(* Let $$\tau_1(x)=\begin{cases}\tfrac43x,&0\le x<\tfrac38,\\ 4x-1,&\tfrac38\le x<\tfrac12,\\ -4x+3,&\tfrac12\le x<\tfrac58,\\ -\tfrac43x+\tfrac43,&\tfrac58\le x\le1,\end{cases}\qquad \tau_2(x)=\begin{cases}3x,&0\le x<\tfrac16,\\ \tfrac32x+\tfrac14,&\tfrac16\le x<\tfrac12,\\ -\tfrac32x+\tfrac74,&\tfrac12\le x<\tfrac56,\\ -3x+3,&\tfrac56\le x\le1.\end{cases}$$ Then $\tau_1$ preserves the density $f_1=\frac32\chi_{[0,1/2]}+\frac12\chi_{[1/2,1]}$, $\tau_2$ preserves $f_2=\frac23\chi_{[0,1/2]}+\frac43\chi_{[1/2,1]}$, and $1=\frac25f_1+\frac35f_2$. Nevertheless, there is no Borel measurable map $\eta:[0,1]\to[0,1]$ with $\eta(x)\in\{\tau_1(x),\tau_2(x)\}$ for every $x$ that preserves Lebesgue measure. On the other hand, the map $$\tau(x)=\begin{cases}\tau_2(x),&0\le x<\tfrac12,\\ -3x+\tfrac52,&\tfrac12\le x<\tfrac23,\\ -\tfrac32x+\tfrac32,&\tfrac23\le x\le1\end{cases}$$ satisfies $\tau_1\le\tau\le\tau_2$ and preserves Lebesgue measure.
   Context: A probability density $f$ is preserved by $\tau$ if $\int_{\tau^{-1}(A)}f\,dx=\int_A f\,dx$ for every Borel $A\subseteq[0,1]$; preserving Lebesgue measure means preserving the density $1$. *)

theory Defs
  imports "HOL-Analysis.Analysis"
begin

definition preserves_density :: "(real \<Rightarrow> real) \<Rightarrow> (real \<Rightarrow> real) \<Rightarrow> bool" where
  "preserves_density t f \<longleftrightarrow>
     (\<forall>A \<in> sets borel. A \<subseteq> {0..1} \<longrightarrow>
        (\<integral>\<^sup>+ x \<in> (t -` A \<inter> {0..1}). ennreal (f x) \<partial>lborel)
        = (\<integral>\<^sup>+ x \<in> A. ennreal (f x) \<partial>lborel))"

definition tau1 :: "real \<Rightarrow> real" where
  "tau1 x = (if x < 3/8 then 4/3 * x
             else if x < 1/2 then 4 * x - 1
             else if x < 5/8 then -4 * x + 3
             else -4/3 * x + 4/3)"

definition tau2 :: "real \<Rightarrow> real" where
  "tau2 x = (if x < 1/6 then 3 * x
             else if x < 1/2 then 3/2 * x + 1/4
             else if x < 5/6 then -3/2 * x + 7/4
             else -3 * x + 3)"

definition tau :: "real \<Rightarrow> real" where
  "tau x = (if x < 1/2 then tau2 x
            else if x < 2/3 then -3 * x + 5/2
            else -3/2 * x + 3/2)"

definition f1 :: "real \<Rightarrow> real" where
  "f1 x = 3/2 * indicator {0..1/2} x + 1/2 * indicator {1/2..1} x"

definition f2 :: "real \<Rightarrow> real" where
  "f2 x = 2/3 * indicator {0..1/2} x + 4/3 * indicator {1/2..1} x"

end

theory Submission
  imports Defs
begin

text \<open>Each of the three maps is piecewise affine, so the push-forward of a density w under it
  has the Frobenius--Perron density: the sum of w over the branch preimages of a point, each
  divided by the absolute slope of its branch. The three invariance statements thereby become
  identities between step functions.

  For a measurable selection \<eta> of tau1 and tau2 let T be the set where \<eta> follows tau2. Only
  the two middle branches of each map land in ]1/2, 1[, with slopes \<plusminus>3/2 and \<plusminus>4, so there the
  push-forward of Lebesgue measure has density 2/3 (s1 + s2) + 1/4 (2 - s3 - s4), where the si
  are values of the indicator of T. This is never 1, so \<eta> cannot preserve Lebesgue measure.\<close>

text \<open>A branch (a, b, m, q) stands for the affine map x \<mapsto> m x + q on ]a, b[.\<close>

definition frobenius_perron ::
    "(real \<times> real \<times> real \<times> real) set \<Rightarrow> (real \<Rightarrow> real) \<Rightarrow> real \<Rightarrow> real" where
  "frobenius_perron B w y =
     (\<Sum>(a, b, m, q)\<in>B. w ((y - q) / m) * indicator {a<..<b} ((y - q) / m) / \<bar>m\<bar>)"
lemma compatible_fixed_point_box:
  assumes "compatible \<phi>"
  shows "\<exists>\<psi>. compatible \<psi> \<and> (\<forall>e. \<phi> (case_nat (box (peval imp box (\<psi> e) s)) e) = \<psi> e)"
proof -
  define \<psi> where "\<psi> = (\<lambda>e. \<phi> (case_nat (box (peval imp box (\<phi> (case_nat top e)) s)) e))"
  have "compatible (\<lambda>e. peval imp box (\<phi> (case_nat top e)) (PBox s))"
    by (rule compatible_peval[OF compatible_case_nat[OF assms compatible_const]])
  then have "compatible \<psi>"
    unfolding \<psi>_def peval.simps by (rule compatible_case_nat[OF assms])
  moreover have "\<phi> (case_nat (box (peval imp box (\<psi> e) s)) e) = \<psi> e" for e
  proof -
    define y where "y = peval imp box (\<phi> (case_nat top e)) s"
    have \<psi>_eq: "\<psi> e = \<phi> (case_nat (box y) e)"
      unfolding \<psi>_def y_def ..
    have "box y \<le> biimp (case_nat (box y) e n) (case_nat top e n)" for n
      by (cases n) (simp_all add: le_biimp_iff le_biimp_refl)
    then have "box y \<le> biimp (\<psi> e) (\<phi> (case_nat top e))"
      unfolding \<psi>_eq by (rule compatibleD[OF assms box_le_box_box])
    then have "box y \<le> biimp (peval imp box (\<psi> e) s) y"
      unfolding y_def by (rule le_biimp_peval[OF box_le_box_box])
    then have box_eq: "box (peval imp box (\<psi> e) s) = box y"
      by (rule box_eq_if_box_le_biimp)
    show ?thesis
      unfolding box_eq by (rule \<psi>_eq[symmetric])
  qed
  ultimately show ?thesis
    by blast
qed

lemma compatible_fixed_point:
  "box_guarded t \<Longrightarrow> compatible \<phi> \<Longrightarrow>
    \<exists>\<psi>. compatible \<psi> \<and> (\<forall>e. \<phi> (case_nat (peval imp box (\<psi> e) t) e) = \<psi> e)"
proof (induction t arbitrary: \<phi>)
  case PVar
  then show ?case by simp
next
  case (PConst a)
  show ?case
    using PConst.prems(2) unfolding peval.simps by (rule compatible_fixed_point_const)
next
  case PBot
  show ?case
    using PBot.prems(2) unfolding peval.simps by (rule compatible_fixed_point_const)
next
  case PTop
  show ?case
    using PTop.prems(2) unfolding peval.simps by (rule compatible_fixed_point_const)
next
  case (PMeet s t)
  then show ?case
    unfolding peval.simps
    by (intro compatible_fixed_point_binop[where s = "\<lambda>x. peval imp box x s"
          and t = "\<lambda>x. peval imp box x t", OF le_biimp_inf]) simp_all
next
  case (PJoin s t)
  then show ?case
    unfolding peval.simps
    by (intro compatible_fixed_point_binop[where s = "\<lambda>x. peval imp box x s"
          and t = "\<lambda>x. peval imp box x t", OF le_biimp_sup]) simp_all
next
  case (PImp s t)
  then show ?case
    unfolding peval.simps
    by (intro compatible_fixed_point_binop[where s = "\<lambda>x. peval imp box x s"
          and t = "\<lambda>x. peval imp box x t", OF le_biimp_imp]) simp_all
next
  case (PBox s)
  show ?case
    using PBox.prems(2) unfolding peval.simps by (rule compatible_fixed_point_box)
qed

lemma box_guarded_fixed_point:
  assumes "box_guarded t"
  shows "\<exists>h. peval imp box h t = h"
  using compatible_fixed_point[OF assms compatible_proj[of 0]] by auto

end
(* Fix a family F of (k-1)-sets and query A \<union> {y} for every A in F and every ball y outside A,
   which costs n - k + 1 queries per set.  If A holds a balls of one color and b of the other,
   the answer to A \<union> {y} is min (a + [c y]) (b + [\<not> c y]).  When a \<noteq> b these answers
   determine the coloring outside A up to swapping the colors and, unless the outside of A is
   monochromatic, also the count a; either way they decide whether a ball outside A is a majority
   ball.  As 2|A| < n, every majority color has a ball outside A, so the answers decide the
   majority question.
   For even k the sets have odd size and never split evenly, so one set suffices.  For odd
   k = 2h + 1, an evenly split A answers h to all its queries, so any other answer certifies
   a \<noteq> b for every consistent coloring.  A coloring answering h everywhere has, on each set
   with a \<noteq> b, a color class of exactly h + 1 balls inside that set.  Taking for F the edges
   of a 2h-uniform hypergraph without Property C plus one 2h-set D disjoint from an edge A0,
   that class would have to meet both A0 and D in h balls, impossible for h \<ge> 2.  For k = 3
   the triangle {1,2}, {1,3}, {2,3} does the job: the class of two balls lies in {1,2,3}, so
   ball 4 is a majority ball. *)

section \<open>Color counts\<close>

definition evenly_split :: "(nat \<Rightarrow> bool) \<Rightarrow> nat set \<Rightarrow> bool" where
  "evenly_split c A \<longleftrightarrow> card {j\<in>A. c j} = card {j\<in>A. \<not> c j}"

lemma card_filter_insert:
  assumes "finite A" "y \<notin> A"
  shows "card {j \<in> insert y A. P j} = card {j\<in>A. P j} + of_bool (P y)"
proof -
  have "{j \<in> insert y A. P j} = (if P y then insert y {j\<in>A. P j} else {j\<in>A. P j})"
    by auto
  then show ?thesis using assms by simp
qed

lemma card_filter_add_card_filter_not:
  assumes "finite A"
  shows "card {j\<in>A. P j} + card {j\<in>A. \<not> P j} = card A"
proof -
  have "A = {j\<in>A. P j} \<union> {j\<in>A. \<not> P j}" by blast
  with assms show ?thesis by (metis (no_types, lifting) card_Un_disjoint disjoint_iff
      finite_Un mem_Collect_eq)
qed

lemma card_filter_diff:
  assumes "A \<subseteq> B" "finite B"
  shows "card {j\<in>B. P j} = card {j\<in>A. P j} + card {j\<in>B - A. P j}"
proof -
  have "{j\<in>B. P j} = {j\<in>A. P j} \<union> {j\<in>B - A. P j}" using assms(1) by blast
  moreover have "finite {j\<in>A. P j}" using assms by (simp add: finite_subset)
  ultimately show ?thesis using assms(2) by (simp add: card_Un_disjoint disjoint_iff)
qed

lemma cm_answer_insert:
  "finite A \<Longrightarrow> y \<notin> A \<Longrightarrow> cm_answer c (insert y A) =
     min (card {j\<in>A. c j} + of_bool (c y)) (card {j\<in>A. \<not> c j} + of_bool (\<not> c y))"
  unfolding cm_answer_def by (subst (1 2) card_filter_insert) auto

lemma cm_answer_Not: "cm_answer (\<lambda>j. \<not> c j) Q = cm_answer c Q"
  unfolding cm_answer_def by (simp add: min.commute)

lemma majority_ball_Not: "majority_ball n (\<lambda>j. \<not> c j) i = majority_ball n c i"
  unfolding majority_ball_def by simp

lemma evenly_split_Not: "evenly_split (\<lambda>j. \<not> c j) A = evenly_split c A"
  unfolding evenly_split_def by auto

lemma evenly_split_iff_card:
  "finite A \<Longrightarrow> card A = 2 * q \<Longrightarrow> evenly_split c A \<longleftrightarrow> card {j\<in>A. c j} = q"
  using card_filter_add_card_filter_not[of A c] unfolding evenly_split_def by auto

lemma not_evenly_split_of_odd: "finite A \<Longrightarrow> odd (card A) \<Longrightarrow> \<not> evenly_split c A"
  unfolding evenly_split_def by (metis card_filter_add_card_filter_not even_add)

- - -

Return only the lines above that run from the opening line through the line containing "(\<integral>\<^sup>+ x \<in> (t", exactly as written.

(* Let $$\tau_1(x)=\begin{cases}\tfrac43x,&0\le x<\tfrac38,\\ 4x-1,&\tfrac38\le x<\tfrac12,\\ -4x+3,&\tfrac12\le x<\tfrac58,\\ -\tfrac43x+\tfrac43,&\tfrac58\le x\le1,\end{cases}\qquad \tau_2(x)=\begin{cases}3x,&0\le x<\tfrac16,\\ \tfrac32x+\tfrac14,&\tfrac16\le x<\tfrac12,\\ -\tfrac32x+\tfrac74,&\tfrac12\le x<\tfrac56,\\ -3x+3,&\tfrac56\le x\le1.\end{cases}$$ Then $\tau_1$ preserves the density $f_1=\frac32\chi_{[0,1/2]}+\frac12\chi_{[1/2,1]}$, $\tau_2$ preserves $f_2=\frac23\chi_{[0,1/2]}+\frac43\chi_{[1/2,1]}$, and $1=\frac25f_1+\frac35f_2$. Nevertheless, there is no Borel measurable map $\eta:[0,1]\to[0,1]$ with $\eta(x)\in\{\tau_1(x),\tau_2(x)\}$ for every $x$ that preserves Lebesgue measure. On the other hand, the map $$\tau(x)=\begin{cases}\tau_2(x),&0\le x<\tfrac12,\\ -3x+\tfrac52,&\tfrac12\le x<\tfrac23,\\ -\tfrac32x+\tfrac32,&\tfrac23\le x\le1\end{cases}$$ satisfies $\tau_1\le\tau\le\tau_2$ and preserves Lebesgue measure.
   Context: A probability density $f$ is preserved by $\tau$ if $\int_{\tau^{-1}(A)}f\,dx=\int_A f\,dx$ for every Borel $A\subseteq[0,1]$; preserving Lebesgue measure means preserving the density $1$. *)

theory Defs
  imports "HOL-Analysis.Analysis"
begin

definition preserves_density :: "(real \<Rightarrow> real) \<Rightarrow> (real \<Rightarrow> real) \<Rightarrow> bool" where
  "preserves_density t f \<longleftrightarrow>
     (\<forall>A \<in> sets borel. A \<subseteq> {0..1} \<longrightarrow>
        (\<integral>\<^sup>+ x \<in> (t -` A \<inter> {0..1}). ennreal (f x) \<partial>lborel)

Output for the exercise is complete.